** Opening Data to use block **
(* Let $\mathcal{X}$ be a finite nonempty set of types, let $n=(n_x)_{x\in\mathcal{X}}$ be nonnegative integers such that $n_x$ is even for every $x\in\mathcal{X}$, and let $\Phi=(\Phi_{xy})_{x,y\in\mathcal{X}}$ be a real matrix with $\Phi_{xy}=\Phi_{yx}$ for all $x,y$. Then $\mathcal{W}_{\mathcal{P}}(n,\Phi)=\mathcal{W}_{\mathcal{B}}(n,n,\Phi/2)$.
   Context: Roommate matching with transferable utility: $n_x$ is the number of individuals of type $x$; a pair of types $\{x,y\}$ (possibly $x=y$) generates joint surplus $\Phi_{xy}$; singles get utility $0$. Feasible roommate matchings: $\mathcal{P}(n)=\{\mu=(\mu_{xy})_{x,y\in\mathcal{X}}:\ \mu_{xy}\in\mathbb{N},\ \mu_{xy}=\mu_{yx},\ 2\mu_{xx}+\sum_{y\neq x}\mu_{xy}\le n_x\ \forall x\}$. Total surplus $S_R(\mu;\Phi)=\sum_x\mu_{xx}\Phi_{xx}+\sum_{x\neq y}\mu_{xy}\Phi_{xy}/2$, and $\mathcal{W}_{\mathcal{P}}(n,\Phi)=\max_{\mu\in\mathcal{P}(n)}S_R(\mu;\Phi)$. Bipartite problem: $\mathcal{B}(n,n)=\{\nu\in\mathbb{N}^{\mathcal{X}\times\mathcal{X}}:\ \sum_y\nu_{xy}\le n_x\ \forall x,\ \sum_x\nu_{xy}\le n_y\ \forall y\}$ and $\mathcal{W}_{\mathcal{B}}(n,n,\Phi/2)=\max_{\nu\in\mathcal{B}(n,n)}\sum_{x,y}\nu_{xy}\Phi_{xy}/2$. *)

theory Defs
  imports Main Complex_Main
begin

text \<open>Types form a finite nonempty type 'x (every HOL type is nonempty).
  Populations n :: 'x => nat, surplus Phi :: 'x => 'x => real,
  matchings are nat-valued matrices 'x => 'x => nat.\<close>

definition roommate_matchings :: "('x::finite \<Rightarrow> nat) \<Rightarrow> ('x \<Rightarrow> 'x \<Rightarrow> nat) set" where
  "roommate_matchings n = {\<mu>. (\<forall>x y. \<mu> x y = \<mu> y x) \<and>
      (\<forall>x. 2 * \<mu> x x + (\<Sum>y\<in>UNIV - {x}. \<mu> x y) \<le> n x)}"
(* The boundary of $V_n$ (in $\mathbb{R}^n$) consists exactly of those $\mathbf b\in V_n$ such that $g_{\mathbf b}$ has a multiple root.
   Context: For $\mathbf b=(b_1,\dots,b_n)\in\mathbb{R}^n$ let $g_{\mathbf b}=(x^{2n}+1)+b_1(x^{2n-1}+x)+\cdots+b_{n-1}(x^{n+1}+x^{n-1})+b_nx^n$. Let $V_n$ be the set of $\mathbf b\in\mathbb{R}^n$ such that all complex roots of $g_{\mathbf b}$ lie on the unit circle. *)

theory Defs
  imports "HOL-Analysis.Analysis" "HOL-Computational_Algebra.Polynomial"
begin

text \<open>Coordinates of R^n are indexed by a finite well-ordered type 'n; the coordinate
  i is the (pos i + 1)-th coordinate, i.e. b_k with k = pos i + 1, where n = CARD('n).\<close>

definition pos :: "'n::{finite,wellorder} \<Rightarrow> nat" where
  "pos i = card {j. j < i}"

definition gpoly :: "real ^ 'n::{finite,wellorder} \<Rightarrow> complex poly" where
  "gpoly b = monom 1 (2 * CARD('n)) + 1 +
     (\<Sum>i\<in>UNIV. (if pos i + 1 = CARD('n)
                   then monom (complex_of_real (b $ i)) CARD('n)
                   else monom (complex_of_real (b $ i)) (2 * CARD('n) - (pos i + 1))
                        + monom (complex_of_real (b $ i)) (pos i + 1)))"

definition Vset :: "(real ^ 'n::{finite,wellorder}) set" where
  "Vset = {b. \<forall>z. poly (gpoly b) z = 0 \<longrightarrow> cmod z = 1}"

end

theory Submission
  imports Defs "HOL-Computational_Algebra.Fundamental_Theorem_Algebra"
begin
(* Write k_y for the size of the fibre of y and q for the size of the field, so that
   the sum of k_y is q, the sum of k_y^2 is N(f), and M_r(f) counts the y with k_y = r.
   In characteristic 2 a collision f x = f y with x \<noteq> y is a solution of
   f (x + a) + f x = 0 with a = x + y \<noteq> 0, so APN gives N(f) \<le> q + 2 (q - 1).
   Summing the pointwise inequalities k^2 + 2[k=1] + 2[k=2] \<ge> 3k (equality iff k \<le> 3)
   and k^2 + 3[k=1] + 4[k=2] + 3[k=3] \<ge> 4k (equality iff k \<le> 4) over all fibres gives
   both inequalities and their equality cases. In the equality case of (a) all fibres
   have size at most 3, so q = M_1 + 2 M_2 + 3 M_3 \<equiv> 1 + M_2 (mod 3), and 2^n mod 3
   decides which of M_1, M_2 equals 1. *)

lemma sum_card_vimage:
  fixes f :: "'a::finite \<Rightarrow> 'b::finite"
  shows "(\<Sum>y\<in>UNIV. card (f -` {y})) = card (UNIV :: 'a set)"
  by (subst card_UN_disjoint[symmetric]) (auto simp flip: vimage_UN)

lemma Ncoll_eq_sum_card_vimage_sq:
  fixes f :: "'a::finite \<Rightarrow> 'b::finite"
  shows "Ncoll f = (\<Sum>y\<in>UNIV. card (f -` {y}) * card (f -` {y}))"
proof -
  have "Ncoll f = card (\<Union>y. f -` {y} \<times> f -` {y})"
    unfolding Ncoll_def by (rule arg_cong[where f = card]) auto
  also have "\<dots> = (\<Sum>y\<in>UNIV. card (f -` {y} \<times> f -` {y}))"
    by (rule card_UN_disjoint) auto
  finally show ?thesis by (simp add: card_cartesian_product)
qed

lemma M_eq_0_above_iff:
  fixes f :: "'a::finite \<Rightarrow> 'b::finite"
  shows "(\<forall>r>m. M r f = 0) \<longleftrightarrow> (\<forall>y. card (f -` {y}) \<le> m)"
  by (auto simp: M_def card_eq_0_iff) (metis not_le)+

lemma sum_eq_sum_iff_of_le:
  fixes f g :: "'i \<Rightarrow> 'a::ordered_cancel_comm_monoid_add"
  assumes "finite A" and "\<And>x. x \<in> A \<Longrightarrow> f x \<le> g x"
  shows "sum f A = sum g A \<longleftrightarrow> (\<forall>x\<in>A. f x = g x)"
  using assms sum_mono_inv[of f A g] by (auto intro: sum.cong)
lemma prior_consistent_return_pmf_zeros:
  "0 < alt_prob F 0 \<Longrightarrow> prior_consistent (return_pmf F) (replicate t 0)"
  by (simp add: prior_consistent_def hist_prob_zeros)

lemma posterior_return_pmf: "prior_consistent (return_pmf F) xs \<Longrightarrow> posterior (return_pmf F) xs F = 1"
  by (simp add: prior_consistent_def posterior_def)

context
  fixes \<delta> x0 :: real and X :: "real set" and F :: "real \<times> real"
  assumes \<delta>: "0 < \<delta>" "\<delta> < 1" and x0: "0 < x0"
    and F: "fst F \<in> X" "snd F \<in> {0..1}" "0 < alt_prob F 0"
begin

lemma U_prior_single_env:
  "U_prior \<delta> s (return_pmf F) x0 (replicate t 0)
    = stop_value (env_discount \<delta> F) x0 (env_reward \<delta> x0 F) s t"
  using U_prior_zero_history[OF \<delta> x0 binary_prior_return_pmf[OF F(1,2)]
      prior_consistent_return_pmf_zeros[OF F(3)]]
    posterior_return_pmf[OF prior_consistent_return_pmf_zeros[OF F(3)]]
  by simp

lemma V_prior_single_env: "V_prior \<delta> (return_pmf F) x0 (replicate t 0) = env_value \<delta> x0 F"
proof (rule antisym)
  note prior = binary_prior_return_pmf[OF F(1,2)] prior_consistent_return_pmf_zeros[OF F(3), of t]
  show "V_prior \<delta> (return_pmf F) x0 (replicate t 0) \<le> env_value \<delta> x0 F"
    using V_prior_le_expected_env_value[OF \<delta> x0 prior]
      posterior_return_pmf[OF prior(2)]
    by (simp add: expected_env_value_def)
  have "wait_value \<delta> x0 F = U_prior \<delta> (\<lambda>_. 0) (return_pmf F) x0 (replicate t 0)"
    unfolding U_prior_single_env wait_value_def
    using env_discount_bounds[OF F(2), of \<delta>] \<delta> by (simp add: stop_value_never_stop)
  also have "\<dots> \<le> V_prior \<delta> (return_pmf F) x0 (replicate t 0)"
    using U_prior_le_V_prior[OF \<delta> x0 prior _ binary_rule_const] by simp
  finally show "env_value \<delta> x0 F \<le> V_prior \<delta> (return_pmf F) x0 (replicate t 0)"
    using x0_le_V_prior[OF \<delta> x0 prior] by (simp add: env_value_def)
qed

lemma perf_ratio_mult_env_value_le:
  assumes "binary_rule s"
  shows "perf_ratio \<delta> X x0 s * env_value \<delta> x0 F
    \<le> stop_value (env_discount \<delta> F) x0 (env_reward \<delta> x0 F) s t"
proof -
  have "0 < env_value \<delta> x0 F"
    using x0 by (simp add: env_value_def)
  then show ?thesis
    using perf_ratio_le_ratio[OF \<delta> x0 assms binary_prior_return_pmf[OF F(1,2)]
        prior_consistent_return_pmf_zeros[OF F(3)], of t]
    by (simp add: U_prior_single_env V_prior_single_env pos_le_divide_eq)
qed

end

lemma perf_ratio_greatest:
  assumes "0 \<in> X"
    and "\<And>xs \<mu>. binary_prior X \<mu> \<Longrightarrow> prior_consistent \<mu> xs \<Longrightarrow>
      R \<le> U_prior \<delta> s \<mu> x0 xs / V_prior \<delta> \<mu> x0 xs"
  shows "R \<le> perf_ratio \<delta> X x0 s"
  unfolding perf_ratio_def
proof (rule cINF_greatest)
  have "binary_prior X (return_pmf (0, 0)) \<and> prior_consistent (return_pmf (0, 0)) []"
    using assms(1) binary_prior_return_pmf[of "(0, 0)"]
    by (simp add: prior_consistent_def hist_prob_def)
  then show "{(xs, \<mu>). binary_prior X \<mu> \<and> prior_consistent \<mu> xs} \<noteq> {}"
    by blast
qed (use assms(2) in auto)

lemma perf_ratio_nonneg:
  assumes "0 < \<delta>" "\<delta> < 1" "0 < x0" "binary_rule s" "0 \<in> X"
  shows "0 \<le> perf_ratio \<delta> X x0 s"
  using ratio_nonneg[OF assms(1-3) _ _ assms(4)] by (intro perf_ratio_greatest[OF assms(5)])

text \<open>Tested against the environment that never offers anything, a rule earns x0 times its
  discounted stopping probability, while the optimum is x0.\<close>
lemma perf_ratio_le_stop_prob:
  assumes "0 < \<delta>" "\<delta> < 1" "0 < x0" "binary_rule s" "0 \<in> X"
  shows "perf_ratio \<delta> X x0 s \<le> stop_prob \<delta> s 0"
proof -
  define F0 where "F0 = (0 :: real, 0 :: real)"
  have F0: "fst F0 \<in> X" "snd F0 \<in> {0..1}" "0 < alt_prob F0 0"
    using assms(5) by (simp_all add: F0_def alt_prob_def)
  have "env_discount \<delta> F0 = \<delta>" "env_reward \<delta> x0 F0 = 0" "env_value \<delta> x0 F0 = x0"
    using assms(3) by (simp_all add: F0_def env_discount_def env_reward_def env_value_def
        wait_value_def nonzero_prob_def)
  then have "perf_ratio \<delta> X x0 s * x0 \<le> x0 * stop_prob \<delta> s 0"
    using perf_ratio_mult_env_value_le[OF assms(1-3) F0 assms(4), of 0]
      stop_value_linear[OF assms(4), of \<delta> x0 0 0] assms(1,2) by simp
  then show ?thesis
    using assms(3) by (simp add: mult.commute)
qed

lemma stop_prob_const_onto:
  assumes "0 \<le> \<delta>" "\<delta> < 1" "0 \<le> R" "R \<le> 1"
  obtains c where "0 \<le> c" "c \<le> 1" "stop_prob \<delta> (\<lambda>_. c) 0 = R"
proof
  have pos: "0 < 1 - \<delta> * R"
    using assms mult_left_le[of R \<delta>] by linarith
  define c where "c = R * (1 - \<delta>) / (1 - \<delta> * R)"
  show c0: "0 \<le> c"
    using assms pos by (simp add: c_def)
  show c1: "c \<le> 1"
    using assms pos by (simp add: c_def algebra_simps)
  have "1 - \<delta> * (1 - c) = (1 - \<delta>) / (1 - \<delta> * R)"
    using pos by (simp add: c_def field_simps)
  then show "stop_prob \<delta> (\<lambda>_. c) 0 = R"
    using stop_prob_const[OF assms(1,2) c0 c1] pos assms(2) by (simp add: c_def)
qed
** Closing Data to use block **
The response consists of the lines above that contain "assumes".

Task answer:
  assumes "finite A" and "\<And>x. x \<in> A \<Longrightarrow> f x \<le> g x"
  assumes \<delta>: "0 < \<delta>" "\<delta> < 1" and x0: "0 < x0"
  assumes "binary_rule s"
  assumes "0 \<in> X"
  assumes "0 < \<delta>" "\<delta> < 1" "0 < x0" "binary_rule s" "0 \<in> X"
  assumes "0 < \<delta>" "\<delta> < 1" "0 < x0" "binary_rule s" "0 \<in> X"
  assumes "0 \<le> \<delta>" "\<delta> < 1" "0 \<le> R" "R \<le> 1"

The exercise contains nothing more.